Более всего его поразил Бык. Он красовался в центре страны, разрисованной горами, название которой он услышал как «Истайния». Бык был в опасности, на него нацелил пику солдат в сверкающей одежде. Слово «тайна» мальчик уже знал, он догадывался, что увиденное им исходит из тайны. «Где эта страна?» - спросил он. И получил ответ: «Там, где закат солнца».
***
Встречаются люди, восход которых озаряется закатом, а закат восходом, сливаясь в узкую полосу освещенного скрытым солнцем местожительства. Похоже, мальчик был из этой породы людей.
На рассвете он проснулся с чувством решимости, ранее не испытанным. Место, куда солнце уходит спать, он хорошо знал – окна дома были обращены на закат. Вытащив из сарая свой трёхколёсный велосипед, мальчик выкатил его за тесовые ворота и поехал по булыжной мостовой. Дорога шла под уклон и – поздно или рано – вывела его к светлой полосе реки.

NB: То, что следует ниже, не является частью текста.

lemma is_step_eq_sum_diff:
  assumes g: "is_step g" and x: "x \<in> {0..1}"
  shows "g x = g 0 + (\<Sum>i\<in>atoms_below x. g (z (next_atom i)) - g (z i))"
proof -
  have g_const: "g x = g y" if "x \<in> {0..1}" "y \<in> {0..1}" "atoms_below x = atoms_below y" for x y
    using g that unfolding is_step_def by blast
  obtain m where m: "m \<le> N" "atoms_below x = {..<m}" "m < N \<longrightarrow> x \<le> z m"
    using atoms_below_eq_lessThan by blast
  show ?thesis
  proof (cases "m < N")
    case True
    have "g (z 0) = g 0"
      using N_pos atoms_below_atom[of 0] atoms_below_0 z_in_unit[of 0] by (intro g_const) auto
    moreover have "g (z m) = g x"
      using True m atoms_below_atom[of m] z_in_unit[of m] x by (intro g_const) auto
    ultimately show ?thesis
      using m(2) sum_next_atom_telescope[OF True, of "\<lambda>i. g (z i)"] by simp
  next
    case False
    have "g 1 = g 0" using g unfolding is_step_def by argo
    then have "g x = g 0" using m False atoms_below_1 x g_const[of x 1] by simp
    then show ?thesis using m False sum_next_atom_cyclic[of "\<lambda>i. g (z i)"] by simp
  qed
qed

lemma is_step_imp_mu_D1:
  assumes g: "is_step g"
  shows "g \<in> mu_D1 N \<alpha> z"
proof -
  \<comment> \<open>Off the atoms the \<open>SOME\<close> is junk, but only the values of \<open>g'\<close> at atoms matter.\<close>
  define g' where "g' y = diff_quot g (SOME k. k < N \<and> z k = y)" for y
  have "\<alpha> i * g' (z i) = g (z (next_atom i)) - g (z i)" if "i < N" for i
  proof -
    have "(SOME k. k < N \<and> z k = z i) = i"
      by (rule some_equality) (use that z_inj in auto)
    then show ?thesis using \<alpha>_pos[OF that] by (simp add: g'_def diff_quot_def)
  qed
  then have "g x = g 0 + (\<Sum>i\<in>atoms_below x. \<alpha> i * g' (z i))" if "x \<in> {0..1}" for x
    using is_step_eq_sum_diff[OF g that] by (simp add: atoms_below_def)
  moreover have "g 0 = g 1" using g unfolding is_step_def by argo
  ultimately have "is_mu_deriv N \<alpha> z g g'"
    unfolding is_mu_deriv_def atoms_below_def by (metis (no_types, lifting))
  then show ?thesis unfolding mu_D1_def by blast
qed

lemma mu_D1_iff_is_step: "f \<in> mu_D1 N \<alpha> z \<longleftrightarrow> is_step f"
  using mu_D1_imp_is_step is_step_imp_mu_D1 by blast

lemma mu_D1_comp2:
  "f \<in> mu_D1 N \<alpha> z \<Longrightarrow> g \<in> mu_D1 N \<alpha> z \<Longrightarrow> (\<lambda>x. h (f x) (g x)) \<in> mu_D1 N \<alpha> z"
  unfolding mu_D1_iff_is_step is_step_def by metis

lemma mu_grad_at_atom:
  assumes "f \<in> mu_D1 N \<alpha> z" and "k < N"
  shows "mu_grad N \<alpha> z f (z k) = diff_quot f k"
proof -
  have "\<exists>f'. is_mu_deriv N \<alpha> z f f'" using assms(1) by (simp add: mu_D1_def)
  then have "is_mu_deriv N \<alpha> z f (mu_grad N \<alpha> z f)" unfolding mu_grad_def by (rule someI_ex)
  then show ?thesis using is_mu_deriv_at_atom assms(2) by blast
qed

lemma mu_energy_eq:
  "f \<in> mu_D1 N \<alpha> z \<Longrightarrow> g \<in> mu_D1 N \<alpha> z \<Longrightarrow>
   mu_energy N \<alpha> z f g = (\<Sum>k<N. \<alpha> k * diff_quot f k * diff_quot g k)"
  unfolding mu_energy_def mu_inner_def by (auto intro!: sum.cong simp: mu_grad_at_atom)

lemma step_of_atom: "k < N \<Longrightarrow> step_of c (z k) = c k"
  by (simp add: step_of_def atoms_below_atom)

lemma step_of_in_mu_D1: "step_of c \<in> mu_D1 N \<alpha> z"
  using N_pos atoms_below_0 atoms_below_1
  by (auto simp: mu_D1_iff_is_step is_step_def step_of_def)

lemma mu_D1_dense:
  assumes "0 < \<epsilon>"
  shows "\<exists>g\<in>mu_D1 N \<alpha> z. mu_inner N \<alpha> z (\<lambda>x. f x - g x) (\<lambda>x. f x - g x) < \<epsilon>"
proof (intro bexI)
  show "mu_inner N \<alpha> z (\<lambda>x. f x - step_of (\<lambda>k. f (z k)) x) (\<lambda>x. f x - step_of (\<lambda>k. f (z k)) x) < \<epsilon>"
    using assms by (simp add: mu_inner_def step_of_atom)
qed (rule step_of_in_mu_D1)

lemma mu_energy_nonneg: "f \<in> mu_D1 N \<alpha> z \<Longrightarrow> 0 \<le> mu_energy N \<alpha> z f f"
  using \<alpha>_pos by (simp add: mu_energy_eq mult.assoc) (intro sum_nonneg, simp add: less_imp_le)

lemma mu_energy_sym:
  "f \<in> mu_D1 N \<alpha> z \<Longrightarrow> g \<in> mu_D1 N \<alpha> z \<Longrightarrow> mu_energy N \<alpha> z f g = mu_energy N \<alpha> z g f"
  by (simp add: mu_energy_eq mult_ac)

lemma mu_energy_add_left:
  assumes "f \<in> mu_D1 N \<alpha> z" "g \<in> mu_D1 N \<alpha> z" "h \<in> mu_D1 N \<alpha> z"
  shows "mu_energy N \<alpha> z (\<lambda>x. f x + g x) h = mu_energy N \<alpha> z f h + mu_energy N \<alpha> z g h"
proof -
  have "diff_quot (\<lambda>x. f x + g x) k = diff_quot f k + diff_quot g k" for k
    by (simp add: diff_quot_def add_divide_distrib[symmetric])
  then show ?thesis
    using assms mu_D1_comp2[of f g "(+)"] by (simp add: mu_energy_eq ring_distribs sum.distrib)
qed

lemma mu_energy_scale_left:
  assumes "f \<in> mu_D1 N \<alpha> z" "g \<in> mu_D1 N \<alpha> z"
  shows "mu_energy N \<alpha> z (\<lambda>x. c * f x) g = c * mu_energy N \<alpha> z f g"
proof -
  have "diff_quot (\<lambda>x. c * f x) k = c * diff_quot f k" for k
    by (simp add: diff_quot_def right_diff_distrib)
  then show ?thesis
    using assms mu_D1_comp2[of f f "\<lambda>a b. c * a"] by (simp add: mu_energy_eq sum_distrib_left mult_ac)
qed

lemma mu_energy_null_left:
  assumes "f \<in> mu_D1 N \<alpha> z" "g \<in> mu_D1 N \<alpha> z" "h \<in> mu_D1 N \<alpha> z"
    and "mu_inner N \<alpha> z (\<lambda>x. f x - g x) (\<lambda>x. f x - g x) = 0"
  shows "mu_energy N \<alpha> z f h = mu_energy N \<alpha> z g h"
proof -
  have "f (z i) = g (z i)" if "i < N" for i
    using mu_inner_self_eq_0_atom[OF \<alpha>_pos assms(4) that] by simp
  then have "diff_quot f k = diff_quot g k" if "k < N" for k
    using that next_atom_less by (simp add: diff_quot_def)
  then show ?thesis using assms by (simp add: mu_energy_eq)
qed

lemma mu_energy_clamp_le:
  assumes "f \<in> mu_D1 N \<alpha> z"
  defines "F \<equiv> \<lambda>x. min (max (f x) 0) 1"
  shows "mu_energy N \<alpha> z F F \<le> mu_energy N \<alpha> z f f"
proof -
  have F: "F \<in> mu_D1 N \<alpha> z"
    unfolding F_def using mu_D1_comp2[OF assms(1) assms(1), of "\<lambda>a b. min (max a 0) 1"] .
  have "\<alpha> k * diff_quot F k * diff_quot F k \<le> \<alpha> k * diff_quot f k * diff_quot f k" if "k < N" for k
  proof -
    have "\<bar>diff_quot F k\<bar> \<le> \<bar>diff_quot f k\<bar>"
      using \<alpha>_pos[OF that] clamp_dist_le
      by (simp add: F_def diff_quot_def abs_divide divide_right_mono)
    then show ?thesis
      using \<alpha>_pos[OF that] by (simp add: abs_le_square_iff power2_eq_square mult.assoc)
  qed
  then show ?thesis using F assms(1) by (simp add: mu_energy_eq) (rule sum_mono, simp)
qed

lemma mu_E1_tendsto_0:
  assumes "\<And>n. w n \<in> mu_D1 N \<alpha> z" and "\<And>i. i < N \<Longrightarrow> (\<lambda>n. w n (z i)) \<longlonglongrightarrow> 0"
  shows "(\<lambda>n. mu_energy N \<alpha> z (w n) (w n) + mu_inner N \<alpha> z (w n) (w n)) \<longlonglongrightarrow> 0"
proof -
  have "(\<lambda>n. diff_quot (w n) k) \<longlonglongrightarrow> 0" if "k < N" for k
  proof -
    have "(\<lambda>n. (w n (z (next_atom k)) - w n (z k)) / \<alpha> k) \<longlonglongrightarrow> (0 - 0) / \<alpha> k"
      using \<alpha>_pos[OF that] by (intro tendsto_intros assms(2) next_atom_less that) simp
    then show ?thesis by (simp add: diff_quot_def)
  qed
  then have "(\<lambda>n. (\<Sum>k<N. \<alpha> k * diff_quot (w n) k * diff_quot (w n) k)
      + (\<Sum>i<N. \<alpha> i * w n (z i) * w n (z i))) \<longlonglongrightarrow> 0 + 0"
    using tendsto_mult[OF tendsto_mult[OF tendsto_const]] assms(2)
    by (intro tendsto_add tendsto_null_sum) fastforce+
  moreover have "mu_energy N \<alpha> z (w n) (w n) + mu_inner N \<alpha> z (w n) (w n)
      = (\<Sum>k<N. \<alpha> k * diff_quot (w n) k * diff_quot (w n) k) + (\<Sum>i<N. \<alpha> i * w n (z i) * w n (z i))" for n
    unfolding mu_energy_eq[OF assms(1) assms(1)] mu_inner_def ..
  ultimately show ?thesis by simp
qed

lemma mu_E1_Cauchy_atom:
  assumes uD: "\<And>n. u n \<in> mu_D1 N \<alpha> z" and i: "i < N"
    and cauchy: "\<forall>\<epsilon>>0. \<exists>M. \<forall>n\<ge>M. \<forall>m\<ge>M.
      mu_energy N \<alpha> z (\<lambda>x. u n x - u m x) (\<lambda>x. u n x - u m x)
      + mu_inner N \<alpha> z (\<lambda>x. u n x - u m x) (\<lambda>x. u n x - u m x) < \<epsilon>"
  shows "Cauchy (\<lambda>n. u n (z i))"
proof (rule metric_CauchyI)
  fix e :: real assume e: "0 < e"
  then have "0 < \<alpha> i * e\<^sup>2" using \<alpha>_pos[OF i] by simp
  then obtain M where M: "\<forall>n\<ge>M. \<forall>m\<ge>M.
      mu_energy N \<alpha> z (\<lambda>x. u n x - u m x) (\<lambda>x. u n x - u m x)
      + mu_inner N \<alpha> z (\<lambda>x. u n x - u m x) (\<lambda>x. u n x - u m x) < \<alpha> i * e\<^sup>2"
    using cauchy by blast
  show "\<exists>M. \<forall>m\<ge>M. \<forall>n\<ge>M. dist (u m (z i)) (u n (z i)) < e"
  proof (intro exI allI impI)
    fix m n assume "m \<ge> M" "n \<ge> M"
    let ?h = "\<lambda>x. u m x - u n x"
    have "mu_energy N \<alpha> z ?h ?h + mu_inner N \<alpha> z ?h ?h < \<alpha> i * e\<^sup>2"
      using M \<open>m \<ge> M\<close> \<open>n \<ge> M\<close> by blast
    moreover have "0 \<le> mu_energy N \<alpha> z ?h ?h"
      using mu_energy_nonneg mu_D1_comp2[OF uD uD] by blast
    moreover have "\<alpha> i * (?h (z i))\<^sup>2 \<le> mu_inner N \<alpha> z ?h ?h"
      by (rule mu_inner_self_ge_atom) (use \<alpha>_pos i in \<open>auto simp: less_imp_le\<close>)
    ultimately have "\<alpha> i * (?h (z i))\<^sup>2 < \<alpha> i * e\<^sup>2" by linarith
    then have "(?h (z i))\<^sup>2 < e\<^sup>2" using \<alpha>_pos[OF i] by simp
    then have "\<bar>?h (z i)\<bar> < e" using e by (metis power2_abs power2_less_imp_less less_imp_le)
    then show "dist (u m (z i)) (u n (z i)) < e" by (simp add: dist_real_def)
  qed
qed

Шумные белые птицы плюхались на водную гладь, а затем поднимались и улетали на другой берег, такой далекий, что они превращались в искры. Мальчику хотелось войти в воду и, затаив дыхание, идти, идти и идти в таинственную, манящую Истайнию. Это было невозможно. Плавать он ещё не умел.
Родители нашли мальчика на самом краешке косы, переливающейся бликами сердоликов. Багровая дорожка, оставленная последними лучами солнца, касалась его босых ног. Мальчик спал: бык, разделавшись с матадором, грелся на мокром от крови песке.
***
За штакетником, отсекавшим сад от остального пространства, был центр двора, золотой конус – куча песка, а на ней копошились дети. Младшие усердно рыли норы, старшие играли в ножички.

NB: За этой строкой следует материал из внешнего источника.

text \<open>Increments are allowed to move along the coordinates in \<open>K\<close> only; each coordinate added to \<open>K\<close>
  is handled by the mean value theorem along its axis.\<close>

lemma has_derivative_partials_on_coordinates:
  fixes f :: "real^'m \<Rightarrow> real"
  assumes T: "open T" "y \<in> T"
    and pd: "\<And>j z. z \<in> T \<Longrightarrow> ((\<lambda>t. f (z + t *\<^sub>R axis j 1)) has_real_derivative D j z) (at 0)"
    and cont: "\<And>j. continuous_on T (D j)"
    and "finite K" and "e > 0"
  shows "\<exists>d>0. \<forall>h. norm h < d \<longrightarrow> (\<forall>j. j \<notin> K \<longrightarrow> h$j = 0) \<longrightarrow>
           \<bar>f (y + h) - f y - (\<Sum>j\<in>K. h$j * D j y)\<bar> \<le> e * norm h"
  using \<open>finite K\<close> \<open>e > 0\<close>
proof (induction K arbitrary: e rule: finite_induct)
  case empty
  have "h = 0" if "\<forall>j. j \<notin> {} \<longrightarrow> h$j = 0" for h :: "real^'m"
    using that by (simp add: vec_eq_iff)
  then show ?case by (intro exI[of _ 1]) fastforce
next
  case (insert k K e)
  obtain d2 where "d2 > 0" and d2: "\<And>h. norm h < d2 \<Longrightarrow> (\<forall>j. j \<notin> K \<longrightarrow> h$j = 0) \<Longrightarrow>
      \<bar>f (y + h) - f y - (\<Sum>j\<in>K. h$j * D j y)\<bar> \<le> e/2 * norm h"
    using insert.IH[of "e/2"] insert.prems by auto
  obtain d0 where "d0 > 0" and d0: "ball y d0 \<subseteq> T"
    using T open_contains_ball by blast
  have "continuous (at y) (D k)"
    using cont T continuous_on_eq_continuous_at by blast
  then obtain d1 where "d1 > 0" and d1: "\<And>w. dist w y < d1 \<Longrightarrow> \<bar>D k w - D k y\<bar> < e/2"
    unfolding continuous_at_eps_delta dist_real_def using insert.prems by (meson half_gt_zero)
  define d where "d = min d0 (min d1 d2)"
  have "d > 0" using \<open>d0 > 0\<close> \<open>d1 > 0\<close> \<open>d2 > 0\<close> by (simp add: d_def)
  moreover have "\<bar>f (y + h) - f y - (\<Sum>j\<in>insert k K. h$j * D j y)\<bar> \<le> e * norm h"
    if h: "norm h < d" "\<forall>j. j \<notin> insert k K \<longrightarrow> h$j = 0" for h
  proof -
    define h' where "h' = h - (h$k) *\<^sub>R axis k 1"
    have line: "\<bar>f (y + h) - f (y + h') - h$k * D k y\<bar> \<le> e/2 * \<bar>h$k\<bar>"
      unfolding h'_def add_diff_eq
      by (rule axis_increment_bound[of y d])
         (use pd[OF subsetD[OF d0]] d1 h(1) in \<open>auto simp: d_def dist_commute less_imp_le\<close>)
    have "norm h' \<le> norm h"
      using norm_clear_component_le[of 0 h k] by (simp add: h'_def)
    moreover have "(\<Sum>j\<in>K. h'$j * D j y) = (\<Sum>j\<in>K. h$j * D j y)"
      using insert.hyps by (intro sum.cong) (auto simp: h'_def axis_def)
    ultimately have "\<bar>f (y + h') - f y - (\<Sum>j\<in>K. h$j * D j y)\<bar> \<le> e/2 * norm h'"
      using d2[of h'] h by (auto simp: d_def h'_def axis_def)
    then have rest: "\<bar>f (y + h') - f y - (\<Sum>j\<in>K. h$j * D j y)\<bar> \<le> e/2 * norm h"
      using mult_left_mono[OF \<open>norm h' \<le> norm h\<close>, of "e/2"] insert.prems by linarith
    have "e/2 * \<bar>h$k\<bar> \<le> e/2 * norm h"
      using insert.prems component_le_norm_cart[of h k] by (simp add: mult_left_mono)
    moreover have "(\<Sum>j\<in>insert k K. h$j * D j y) = h$k * D k y + (\<Sum>j\<in>K. h$j * D j y)"
      using insert.hyps by simp
    ultimately show ?thesis
      using line rest by linarith
  qed
  ultimately show ?case by blast
qed

lemma has_derivative_continuous_partials:
  fixes f :: "real^'m \<Rightarrow> real"
  assumes "open T" "y \<in> T"
    and "\<And>j z. z \<in> T \<Longrightarrow> ((\<lambda>t. f (z + t *\<^sub>R axis j 1)) has_real_derivative D j z) (at 0)"
    and "\<And>j. continuous_on T (D j)"
  shows "(f has_derivative (\<lambda>v. \<Sum>j\<in>UNIV. v$j * D j y)) (at y)"
  unfolding has_derivative_at_alt
proof (intro conjI allI impI)
  show "bounded_linear (\<lambda>v. \<Sum>j\<in>UNIV. v$j * D j y)"
    by (intro bounded_linear_sum bounded_linear_compose[OF bounded_linear_mult_left bounded_linear_vec_nth])
  fix e :: real assume "e > 0"
  then obtain d where "d > 0" and d: "\<And>h. norm h < d \<Longrightarrow> \<bar>f (y + h) - f y - (\<Sum>j\<in>UNIV. h$j * D j y)\<bar> \<le> e * norm h"
    using has_derivative_partials_on_coordinates[OF assms, of UNIV] by auto
  show "\<exists>d>0. \<forall>y'. norm (y' - y) < d \<longrightarrow> norm (f y' - f y - (\<Sum>j\<in>UNIV. (y' - y)$j * D j y)) \<le> e * norm (y' - y)"
    using d[of "_ - y"] \<open>d > 0\<close> by (intro exI[of _ d]) auto
qed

За двором, куда направился мальчик, был бугор, источенный погребами. Ранним летом крышки погребов открывали, а внутри раскладывали дымовухи, выкуривая скопившуюся за зиму сырость. Столбы дыма были видны из окна, виден был и мальчик, уже ступивший на эти Курилы. Но отец вернул его: «Играй с детьми!».
И он взялся за то, чего совершенно не умел. На корточках, полукругом, уткнувшись взглядом в песок, сгрудились мальчишки, в широких ситцевых шароварах или в трусах до колен. Мало было просто воткнуть перочинный ножик в землю. Надо было с пальчика, с локотка, от плеча и, что особенно трудно, прижав лезвие ко лбу, резко сбросить его остриём вниз. Мальчик надеялся, что всё у него получится само собой.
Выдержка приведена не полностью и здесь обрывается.